lemma cos_angle_less_of_positive_combination:
  fixes u v :: "'a::real_inner"
  assumes indep: "\<bar>u \<bullet> v\<bar> < norm u * norm v" and "0 < l" "0 < m"
  shows "cos_angle u v < cos_angle u (l *\<^sub>R u + m *\<^sub>R v)"
proof -
  define w where "w = l *\<^sub>R u + m *\<^sub>R v"
  have "u \<noteq> 0" "v \<noteq> 0"
    using indep by auto
  then have pos: "0 < norm u" "0 < norm v"
    by simp_all
  define c where "c = cos_angle u v"
  have uv: "u \<bullet> v = norm u * norm v * c"
    using pos by (simp add: c_def cos_angle_def)
  have "\<bar>c\<bar> < 1"
    using indep pos by (simp add: c_def cos_angle_def abs_div abs_mult divide_less_eq)
  moreover have "(norm w)\<^sup>2 = l\<^sup>2 * (u \<bullet> u) + m\<^sup>2 * (v \<bullet> v) + 2 * l * m * (u \<bullet> v)"
    unfolding power2_norm_eq_inner
    by (simp add: w_def inner_commute power2_eq_square algebra_simps)
  then have "(norm w)\<^sup>2 = (l * norm u)\<^sup>2 + (m * norm v)\<^sup>2 + 2 * (l * norm u) * (m * norm v) * c"
    by (simp add: dot_square_norm uv power_mult_distrib)
  ultimately have "c < (l * norm u + m * norm v * c) / norm w"
    using pos \<open>0 < l\<close> \<open>0 < m\<close> by (intro cos_law_bound) simp_all
  also have "\<dots> = cos_angle u w"
  proof -
    have "u \<bullet> w = norm u * (l * norm u + m * norm v * c)"
      by (simp add: w_def uv dot_square_norm power2_eq_square algebra_simps)
    then show ?thesis
      using pos by (simp add: cos_angle_def)
  qed
  finally show ?thesis
    by (simp add: c_def w_def)
qed

lemma sph_angle_less_of_inside_angle:
  assumes Q: "norm Q = 1"
    and inside: "0 < orient Q P R * orient Q P S" "0 < orient Q R S * orient Q P S"
  shows "sph_angle P Q R < sph_angle P Q S"
proof -
  define u v where "u = tangent_at Q P" and "v = tangent_at Q S"
  define l m where "l = orient Q R S / orient Q P S" and "m = orient Q P R / orient Q P S"
  have o: "orient Q P S \<noteq> 0"
    using inside by auto
  have "0 < l" "0 < m"
    using inside by (simp_all add: l_def m_def zero_less_divide_iff zero_less_mult_iff)
  have "tangent_at Q R = (1 / orient Q P S) *\<^sub>R (orient Q P S *\<^sub>R tangent_at Q R)"
    using o by simp
  also have "\<dots> = l *\<^sub>R u + m *\<^sub>R v"
    unfolding tangent_at_decomposition[OF Q, of P S R]
    by (simp add: l_def m_def u_def v_def scaleR_add_right)
  finally have R: "tangent_at Q R = l *\<^sub>R u + m *\<^sub>R v" .
  have "cross3 u v \<noteq> 0"
    using o cross3_nonzero_of_orient_nonzero[of Q u v]
    by (simp add: u_def v_def orient_tangent_at)
  then have "(u \<bullet> v)\<^sup>2 < (norm u * norm v)\<^sup>2"
    by (rule inner_power2_less_of_cross3_nonzero)
  then have "\<bar>u \<bullet> v\<bar> < norm u * norm v"
    using power2_less_imp_less[of "\<bar>u \<bullet> v\<bar>" "norm u * norm v"] by simp
  then have "cos_angle u v < cos_angle u (tangent_at Q R)"
    unfolding R using \<open>0 < l\<close> \<open>0 < m\<close> by (rule cos_angle_less_of_positive_combination)
  then have "arccos (cos_angle u (tangent_at Q R)) < arccos (cos_angle u v)"
    using abs_cos_angle_le_1[of u v] abs_cos_angle_le_1[of u "tangent_at Q R"]
    by (intro arccos_less_arccos) (simp_all add: abs_le_iff)
  then show ?thesis
    by (simp add: sph_angle_eq_arccos_cos_angle u_def v_def)
qed

lemma isosceles_cos_apex:
  assumes P: "norm P = 1" and Q: "norm Q = 1" and R: "norm R = 1" and isosceles: "P \<bullet> Q = P \<bullet> R"
  shows "cos_angle (tangent_at P Q) (tangent_at P R) = (Q \<bullet> R - (P \<bullet> Q)\<^sup>2) / (1 - (P \<bullet> Q)\<^sup>2)"
proof -
  have PQ: "(norm (tangent_at P Q))\<^sup>2 = 1 - (P \<bullet> Q)\<^sup>2"
    and PR: "(norm (tangent_at P R))\<^sup>2 = 1 - (P \<bullet> Q)\<^sup>2"
    using norm_tangent_at_power2[OF P Q] norm_tangent_at_power2[OF P R] isosceles by simp_all
  then have "norm (tangent_at P Q) = norm (tangent_at P R)"
    using power2_eq_imp_eq[of "norm (tangent_at P Q)" "norm (tangent_at P R)"] by simp
  then have "norm (tangent_at P Q) * norm (tangent_at P R) = 1 - (P \<bullet> Q)\<^sup>2"
    using PQ by (simp add: power2_eq_square)
  then show ?thesis
    using inner_tangent_at[OF P, of Q R] isosceles by (simp add: cos_angle_def power2_eq_square)
qed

Work request -> Lines containing the word "finally" are to be counted in the listing; state their number alone.

Completed task -> 2